Time Period3 Months [change]
DirectionMoves Against 
StrengthVery Weak
Accuracy100.0%
ValuesDaily Returns

KOWORLD AG  vs.  CarsalesCom

 Performance 
       Timeline  
KOWORLD AG 

Risk-Adjusted Performance

0 of 100

 
Weak
 
Strong
Very Weak
Over the last 90 days KOWORLD AG has generated negative risk-adjusted returns adding no value to investors with long positions. Despite latest fragile performance, the Stock's basic indicators remain stable and the current disturbance on Wall Street may also be a sign of long-run gains for the company stockholders.
CarsalesCom 

Risk-Adjusted Performance

3 of 100

 
Weak
 
Strong
Weak
Compared to the overall equity markets, risk-adjusted returns on investments in CarsalesCom are ranked lower than 3 (%) of all global equities and portfolios over the last 90 days. Despite nearly stable basic indicators, Carsales is not utilizing all of its potentials. The latest stock price disturbance, may contribute to mid-run losses for the stockholders.

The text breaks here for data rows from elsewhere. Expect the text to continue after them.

(* Let $k$ be a function assigning to each prime power $q$ a positive integer $k(q)$, and suppose $k(q)=o(q)$, i.e. $k(q)/q\to 0$ as $q\to\infty$ over prime powers. Then for every sufficiently large prime power $q$, writing $k=k(q)$, there exists a finite connected graph $G$ of order $2q^{2}+(1-k)q$ in which every vertex has degree either $q+1-k$ or $q$, and whose cop number satisfies $q+1-k\le c(G)\le q$.
   Context: Graphs are finite, simple and connected, and are considered reflexive: each vertex carries a loop, so that a player may stay on its vertex. The game of Cops and Robbers on a graph $G$ is played as follows. First, a set of $m$ cops each choose a vertex (several cops may choose the same vertex). Then the robber chooses a vertex. After that, the players alternate turns, the cops moving first. On the cops' turn, each cop either stays on its vertex or moves to an adjacent vertex. On the robber's turn, the robber either stays or moves to an adjacent vertex. Both sides have full information at all times. The cops win if, after finitely many rounds, some cop occupies the same vertex as the robber. The cop number $c(G)$ is the least $m$ such that $m$ cops have a strategy that wins against every robber strategy. The order of a graph is its number of vertices. *)

theory Defs
  imports Main "HOL-Number_Theory.Prime_Powers"
begin

definition simple_graph :: "'a set \<Rightarrow> ('a \<Rightarrow> 'a \<Rightarrow> bool) \<Rightarrow> bool" where
  "simple_graph V E \<longleftrightarrow> finite V \<and> (\<forall>u v. E u v \<longrightarrow> u \<in> V \<and> v \<in> V)
     \<and> (\<forall>u v. E u v \<longrightarrow> E v u) \<and> (\<forall>u. \<not> E u u)"

definition connected_graph :: "'a set \<Rightarrow> ('a \<Rightarrow> 'a \<Rightarrow> bool) \<Rightarrow> bool" where
  "connected_graph V E \<longleftrightarrow> V \<noteq> {} \<and> (\<forall>u\<in>V. \<forall>v\<in>V. E\<^sup>*\<^sup>* u v)"

definition degree :: "'a set \<Rightarrow> ('a \<Rightarrow> 'a \<Rightarrow> bool) \<Rightarrow> 'a \<Rightarrow> nat" where
  "degree V E u = card {v \<in> V. E u v}"

definition step_ok :: "('a \<Rightarrow> 'a \<Rightarrow> bool) \<Rightarrow> 'a \<Rightarrow> 'a \<Rightarrow> bool" where
  "step_ok E u v \<longleftrightarrow> u = v \<or> E u v"

definition valid_config :: "'a set \<Rightarrow> nat \<Rightarrow> (nat \<Rightarrow> 'a) \<Rightarrow> bool" where
  "valid_config V m C \<longleftrightarrow> (\<forall>i<m. C i \<in> V)"

text \<open>Cop strategy: given the history of cop configurations and robber positions
  (both of the same length n), returns the next cop configuration
  (for n = 0 the initial placement).  Robber strategy: given the cop history of
  length n+1 and robber history of length n, returns the robber's next position
  (for n = 0 the initial choice).\<close>

definition legal_cop_strategy ::
  "'a set \<Rightarrow> ('a \<Rightarrow> 'a \<Rightarrow> bool) \<Rightarrow> nat \<Rightarrow> ((nat \<Rightarrow> 'a) list \<Rightarrow> 'a list \<Rightarrow> (nat \<Rightarrow> 'a)) \<Rightarrow> bool" where
  "legal_cop_strategy V E m sc \<longleftrightarrow>
     valid_config V m (sc [] []) \<and>
     (\<forall>Cs Rs. Cs \<noteq> [] \<and> valid_config V m (last Cs) \<longrightarrow>
        valid_config V m (sc Cs Rs) \<and> (\<forall>i<m. step_ok E (last Cs i) (sc Cs Rs i)))"

definition legal_robber_strategy ::
  "'a set \<Rightarrow> ('a \<Rightarrow> 'a \<Rightarrow> bool) \<Rightarrow> ((nat \<Rightarrow> 'a) list \<Rightarrow> 'a list \<Rightarrow> 'a) \<Rightarrow> bool" where
  "legal_robber_strategy V E sr \<longleftrightarrow>
     (\<forall>Cs. sr Cs [] \<in> V) \<and>
     (\<forall>Cs Rs. Rs \<noteq> [] \<and> last Rs \<in> V \<longrightarrow> sr Cs Rs \<in> V \<and> step_ok E (last Rs) (sr Cs Rs))"

text \<open>History after round n: n+1 cop configurations and n+1 robber positions.\<close>
fun game_hist ::
  "((nat \<Rightarrow> 'a) list \<Rightarrow> 'a list \<Rightarrow> (nat \<Rightarrow> 'a)) \<Rightarrow> ((nat \<Rightarrow> 'a) list \<Rightarrow> 'a list \<Rightarrow> 'a)
     \<Rightarrow> nat \<Rightarrow> (nat \<Rightarrow> 'a) list \<times> 'a list" where
  "game_hist sc sr 0 = (let c0 = sc [] [] in ([c0], [sr [c0] []]))"
| "game_hist sc sr (Suc n) = (let (Cs, Rs) = game_hist sc sr n; c = sc Cs Rs; Cs' = Cs @ [c]
                               in (Cs', Rs @ [sr Cs' Rs]))"

definition cop_pos where "cop_pos sc sr t = fst (game_hist sc sr t) ! t"
definition rob_pos where "rob_pos sc sr t = snd (game_hist sc sr t) ! t"

text \<open>Capture: at time t the robber (after choosing/moving) shares a vertex with a cop,
  or a cop moves onto the robber in the next cops' turn.\<close>
definition captured :: "nat \<Rightarrow> ((nat \<Rightarrow> 'a) list \<Rightarrow> 'a list \<Rightarrow> (nat \<Rightarrow> 'a))
     \<Rightarrow> ((nat \<Rightarrow> 'a) list \<Rightarrow> 'a list \<Rightarrow> 'a) \<Rightarrow> bool" where
  "captured m sc sr \<longleftrightarrow> (\<exists>t. \<exists>i<m. cop_pos sc sr t i = rob_pos sc sr t
                                     \<or> cop_pos sc sr (Suc t) i = rob_pos sc sr t)"

definition cops_win :: "'a set \<Rightarrow> ('a \<Rightarrow> 'a \<Rightarrow> bool) \<Rightarrow> nat \<Rightarrow> bool" where
  "cops_win V E m \<longleftrightarrow> (\<exists>sc. legal_cop_strategy V E m sc \<and>
      (\<forall>sr. legal_robber_strategy V E sr \<longrightarrow> captured m sc sr))"

definition cop_number :: "'a set \<Rightarrow> ('a \<Rightarrow> 'a \<Rightarrow> bool) \<Rightarrow> nat" where
  "cop_number V E = (LEAST m. cops_win V E m)"

end

theory Submission
  imports Defs "HOL-Algebra.Algebraic_Closure" "HOL-Number_Theory.Residues"
begin

text \<open>
  Let \<open>s = q + 1 - k\<close>. Take the points of the affine plane over the field with \<open>q\<close> elements and
  the lines of \<open>s\<close> of its \<open>q\<close> non-vertical slopes, joined by incidence: there are
  \<open>q\<^sup>2 + s q\<close> vertices, points have degree \<open>s\<close> and lines degree \<open>q\<close>. The graph is bipartite and
  two points lie on at most one common line, so it has girth at least five. By the argument of
  Aigner and Fromme a robber with at least \<open>s\<close> neighbours escapes fewer than \<open>s\<close> cops, since each
  cop guards at most one of these neighbours. On the other hand \<open>q\<close> cops on the \<open>q\<close> lines of slope
  0 catch the robber within two rounds. The hypothesis \<open>k(q) = o(q)\<close> only serves to make \<open>s \<ge> 2\<close>.

  The field with \<open>q = p\<^sup>n\<close> elements is the set of fixed points of \<open>x \<mapsto> x\<^sup>q\<close> in an algebraic
  closure of \<open>\<int>/p\<close>; it has exactly \<open>q\<close> elements because \<open>X\<^sup>q - X\<close> has no repeated roots.
\<close>

section \<open>The Frobenius map\<close>

context cring begin
lemma entails_elim_disjunction:
  assumes d: "is_deriv \<pi>" and e: "e = trm.Eps A \<or> e = Tau A"
    and wit: "\<forall>F\<in>Lam \<pi> e. \<exists>t\<in>set ts. F = crit_fml e t"
  shows "entails (\<Union>s\<in>set (e # ts). repl_f e s ` Gam \<pi> e)
                 (disj_list (map (\<lambda>s. repl_f e s (end_fml \<pi>)) (e # ts)))"
  unfolding entails_def
proof (intro allI impI)
  fix I assume Gam: "\<forall>G\<in>(\<Union>s\<in>set (e # ts). repl_f e s ` Gam \<pi> e). holds I G"
  show "holds I (disj_list (map (\<lambda>s. repl_f e s (end_fml \<pi>)) (e # ts)))"
  proof (rule ccontr)
    assume "\<not> ?thesis"
    then have none: "\<not> holds I (repl_f e s (end_fml \<pi>))" if "s \<in> set (e # ts)" for s
      using that by (auto simp: holds_disj_list)
    have refuted: "\<exists>F\<in>Lam \<pi> e. \<not> holds I (repl_f e s F)" if s: "s \<in> set (e # ts)" for s
    proof (rule ex_Lam_refuted[OF d])
      show "\<forall>G\<in>Gam \<pi> e. holds I (repl_f e s G)" using Gam s by auto
      show "\<not> holds I (repl_f e s (end_fml \<pi>))" using none s .
    qed
    obtain F where "F \<in> Lam \<pi> e" "\<not> holds I F" using refuted[of e] by (auto simp: repl_id)
    with wit obtain t where t: "t \<in> set ts" "\<not> holds I (crit_fml e t)" by metis
    obtain F' where "F' \<in> Lam \<pi> e" "\<not> holds I (repl_f e t F')" using refuted[of t] t by auto
    with wit obtain t' where "\<not> holds I (repl_f e t (crit_fml e t'))" by metis
    with t(2) show False using holds_crit_fml_or_repl[OF e, of I t t'] by simp
  qed
qed

lemma complete_elim_set_witnesses:
  assumes d: "is_deriv \<pi>" and e: "e = trm.Eps A \<or> e = Tau A" and "lc_f 1 A"
    and lc_ts: "\<forall>t\<in>set ts. lc_t 0 t" and wit: "\<forall>F\<in>Lam \<pi> e. \<exists>t\<in>set ts. F = crit_fml e t"
  shows "complete_elim_set \<pi> e (e # ts)"
proof -
  have lc_ss: "\<forall>s\<in>set (e # ts). lc_t 0 s" using e \<open>lc_f 1 A\<close> lc_ts by auto
  let ?\<Gamma> = "\<Union>s\<in>set (e # ts). repl_f e s ` Gam \<pi> e"
  let ?D = "disj_list (map (\<lambda>s. repl_f e s (end_fml \<pi>)) (e # ts))"
  have "derives ?\<Gamma> ?D"
  proof (rule derives_if_entails)
    show "finite ?\<Gamma>" using finite_crit_fmls[of \<pi>] unfolding Gam_def by auto
    show "\<forall>G\<in>?\<Gamma>. lc_f 0 G"
      using lc_ss lc_crit_fmls[OF d] lc_repl(2) unfolding Gam_def by blast
    show "lc_f 0 ?D"
      using lc_ss lc_end_fml[OF d] lc_repl(2) by (intro lc_disj_list) auto
    show "entails ?\<Gamma> ?D" using entails_elim_disjunction[OF d e wit] .
  qed
  with lc_ss show ?thesis unfolding complete_elim_set_def by blast
qed
(* Let $p=2m\ge 4$ be even and let $U$ be the graph obtained from the cycle $C_p$ (vertices $v_1,\dots,v_p$) by attaching a single pendant vertex $u$ adjacent to $v_1$. Let $\tilde\Delta$ be the distance squared matrix of $C_p$ (equivalently, the principal submatrix of the distance squared matrix of $U$ indexed by $v_1,\dots,v_p$), and let $\mathbf x\in\mathbb R^p$ have entries $x_i=d_U(u,v_i)^2$. Then $\tilde\Delta$ is invertible and \[ \mathbf x^T\tilde\Delta^{-1}\mathbf x>0. \]
   Context: For a connected graph with vertices $1,\dots,n$, the distance squared matrix is the matrix with $(i,j)$ entry $d_{ij}^2$, where $d_{ij}$ is the graph distance between $i$ and $j$; $d_U$ denotes distance in $U$. *)

theory Defs
  imports "Jordan_Normal_Form.Matrix"
begin

definition is_walk :: "(nat \<Rightarrow> nat \<Rightarrow> bool) \<Rightarrow> nat list \<Rightarrow> bool" where
  "is_walk E xs \<longleftrightarrow> xs \<noteq> [] \<and> (\<forall>i. Suc i < length xs \<longrightarrow> E (xs ! i) (xs ! Suc i))"

definition gdist :: "(nat \<Rightarrow> nat \<Rightarrow> bool) \<Rightarrow> nat \<Rightarrow> nat \<Rightarrow> nat" where
  "gdist E a b = (LEAST n. \<exists>xs. is_walk E xs \<and> hd xs = a \<and> last xs = b \<and> length xs = Suc n)"

text \<open>Cycle C_p on vertices 0..p-1 (vertex i stands for v_(i+1)).\<close>
definition cycle_adj :: "nat \<Rightarrow> nat \<Rightarrow> nat \<Rightarrow> bool" where
  "cycle_adj p i j \<longleftrightarrow> i < p \<and> j < p \<and> (j = Suc i mod p \<or> i = Suc j mod p)"

text \<open>Unicyclic graph U: C_p plus pendant vertex u = p adjacent to v_1 = 0.\<close>
definition pendant_adj :: "nat \<Rightarrow> nat \<Rightarrow> nat \<Rightarrow> bool" where
  "pendant_adj p i j \<longleftrightarrow> cycle_adj p i j \<or> (i = p \<and> j = 0) \<or> (i = 0 \<and> j = p)"

definition cycle_dsq :: "nat \<Rightarrow> real mat" where
  "cycle_dsq p = mat p p (\<lambda>(i, j). real (gdist (cycle_adj p) i j) ^ 2)"

definition pendant_vec :: "nat \<Rightarrow> real vec" where
  "pendant_vec p = vec p (\<lambda>i. real (gdist (pendant_adj p) p i) ^ 2)"

end

theory Submission
  imports Defs "Jordan_Normal_Form.Determinant"
begin

(* The distance in C_p between v_(i+1) and v_(j+1) depends only on the offset s = j - i mod p,
  through circ_dist p s = min s (p - s), so the distance squared matrix D is circulant. For p = 2m
  the second difference of s -> circ_dist p s ^ 2 is 2 everywhere except at the antipode s = m,
  where it is 2 - 4m. Hence D maps the second difference centred at the antipode of j to a
  constant vector plus a multiple of e_j, and correcting by a multiple of the all-ones vector
  gives an explicit inverse of D.
  Since d_U(u, v) = d(v_1, v) + 1 and d(v, v_1) + d(v, v_(m+1)) = m on C_p, the vector x is
  D y for y = (m + 1)/S 1 + (1 + 1/m) e_1 - (1/m) e_(m+1), S being the row sum of D. So for every
  inverse B of D, x^T B x = x^T y = (m + 1) (sum_i x_i - S) / S, which is positive as each
  x_i = (d(v_1, v_i) + 1)^2 exceeds the corresponding term d(v_1, v_i)^2 of S. *)

lemma is_walk_Cons:
  "xs \<noteq> [] \<Longrightarrow> is_walk E (x # xs) \<longleftrightarrow> E x (hd xs) \<and> is_walk E xs"
  by (auto simp: is_walk_def hd_conv_nth nth_Cons split: nat.split)

lemma is_walk_mono: "is_walk E xs \<Longrightarrow> (\<And>u v. E u v \<Longrightarrow> F u v) \<Longrightarrow> is_walk F xs"
  by (simp add: is_walk_def)

lemma is_walk_rev:
  assumes sym: "\<And>u v. E u v \<Longrightarrow> E v u" and walk: "is_walk E xs"
  shows "is_walk E (rev xs)"
  unfolding is_walk_def
proof (intro conjI allI impI)
  show "rev xs \<noteq> []" using walk by (simp add: is_walk_def)
  fix i assume i: "Suc i < length (rev xs)"
  define j where "j = length xs - Suc (Suc i)"
  have "E (xs ! j) (xs ! Suc j)" using walk i by (simp add: is_walk_def j_def)
  moreover have "rev xs ! i = xs ! Suc j" "rev xs ! Suc i = xs ! j"
    using i by (simp_all add: rev_nth j_def Suc_diff_Suc)
  ultimately show "E (rev xs ! i) (rev xs ! Suc i)" using sym by simp
qed

lemma is_walk_potential_bound:
  assumes "is_walk E xs" and step: "\<And>u v. E u v \<Longrightarrow> f v \<le> f u + 1"
  shows "f (last xs) \<le> f (hd xs) + (length xs - 1)"
  using assms(1)
proof (induction xs)
  case Nil
  then show ?case by (simp add: is_walk_def)
next
  case (Cons x xs)
  show ?case
  proof (cases xs)
    case (Cons y ys)
    with Cons.prems have "E x y" "is_walk E xs" by (simp_all add: is_walk_Cons)
    with Cons.IH step[of x y] \<open>xs = y # ys\<close> show ?thesis by simp
  qed simp
qed

lemma gdist_eqI:
  assumes "is_walk E xs" "hd xs = a" "last xs = b" "length xs = Suc d"
    and step: "\<And>u v. E u v \<Longrightarrow> f v \<le> f u + 1" and "f a + d \<le> f b"
  shows "gdist E a b = d"
  unfolding gdist_def
proof (rule Least_equality)
  show "\<exists>xs. is_walk E xs \<and> hd xs = a \<and> last xs = b \<and> length xs = Suc d"
    using assms by blast
next
  fix n assume "\<exists>xs. is_walk E xs \<and> hd xs = a \<and> last xs = b \<and> length xs = Suc n"
  then obtain ys where "is_walk E ys" "hd ys = a" "last ys = b" "length ys = Suc n" by blast
  then show "d \<le> n" using is_walk_potential_bound[of E ys f] step assms(6) by simp
qed

lemma cycle_adj_sym: "cycle_adj p u v \<Longrightarrow> cycle_adj p v u"
  by (auto simp: cycle_adj_def)

lemma cycle_walk_forward:
  assumes "0 < p"
  obtains xs where "is_walk (cycle_adj p) xs" "hd xs = a mod p" "last xs = (a + d) mod p"
    "length xs = Suc d"
proof
  let ?xs = "map (\<lambda>t. (a + t) mod p) [0..<Suc d]"
  have "cycle_adj p ((a + k) mod p) ((a + Suc k) mod p)" for k
    using assms by (simp add: cycle_adj_def mod_Suc_eq)
  then show "is_walk (cycle_adj p) ?xs" by (simp add: is_walk_def del: upt_Suc)
  show "hd ?xs = a mod p" "last ?xs = (a + d) mod p" "length ?xs = Suc d"
    by (simp_all add: hd_map last_map del: upt_Suc)
qed

definition circ_dist :: "nat \<Rightarrow> nat \<Rightarrow> nat" where
  "circ_dist p s = min s (p - s)"

lemma cycle_offset:
  "i < p \<Longrightarrow> j < p \<Longrightarrow> (j + p - i) mod (p::nat) = (if i \<le> j then j - i else j + p - i)"
  by (auto simp: le_mod_geq)

lemma cycle_offset_shift:
  assumes "i < (p::nat)"
  shows "((j + r) mod p + p - i) mod p = ((j + p - i) mod p + r) mod p"
proof -
  have "((j + r) mod p + p - i) mod p = (j + r + (p - i)) mod p"
    using assms by (metis Nat.add_diff_assoc less_imp_le mod_add_left_eq)
  also have "\<dots> = (j + (p - i) + r) mod p" by (simp add: ac_simps)
  also have "\<dots> = ((j + p - i) mod p + r) mod p"
    using assms by (metis Nat.add_diff_assoc less_imp_le mod_add_left_eq)
  finally show ?thesis .
qed

lemma circ_dist_Suc_mod:
  assumes "s < p"
  shows "circ_dist p (Suc s mod p) \<le> circ_dist p s + 1"
    and "circ_dist p s \<le> circ_dist p (Suc s mod p) + 1"
  using assms by (cases "Suc s = p"; simp add: circ_dist_def)+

ÖKOWORLD and Carsales Volatility Contrast

   Predicted Return Density   
       Returns  

Pair Trading with ÖKOWORLD and Carsales

The main advantage of trading using opposite ÖKOWORLD and Carsales positions is that it hedges away some unsystematic risk. Because of two separate transactions, even if ÖKOWORLD position performs unexpectedly, Carsales can make up some of the losses. Pair trading also minimizes risk from directional movements in the market. For example, if an entire industry or sector drops because of unexpected headlines, the short position in Carsales will offset losses from the drop in Carsales' long position.
The idea behind KOWORLD AG and CarsalesCom pairs trading is to make the combined position market-neutral, meaning the overall market's direction will not affect its win or loss (or potential downside or upside). This can be achieved by designing a pairs trade with two highly correlated stocks or equities that operate in a similar space or sector, making it possible to obtain profits through simple and relatively low-risk investment.
Check out your portfolio center.
Note that this page's information should be used as a complementary analysis to find the right mix of equity instruments to add to your existing portfolios or create a brand new portfolio. You can also try the Fundamentals Comparison module to compare fundamentals across multiple equities to find investing opportunities.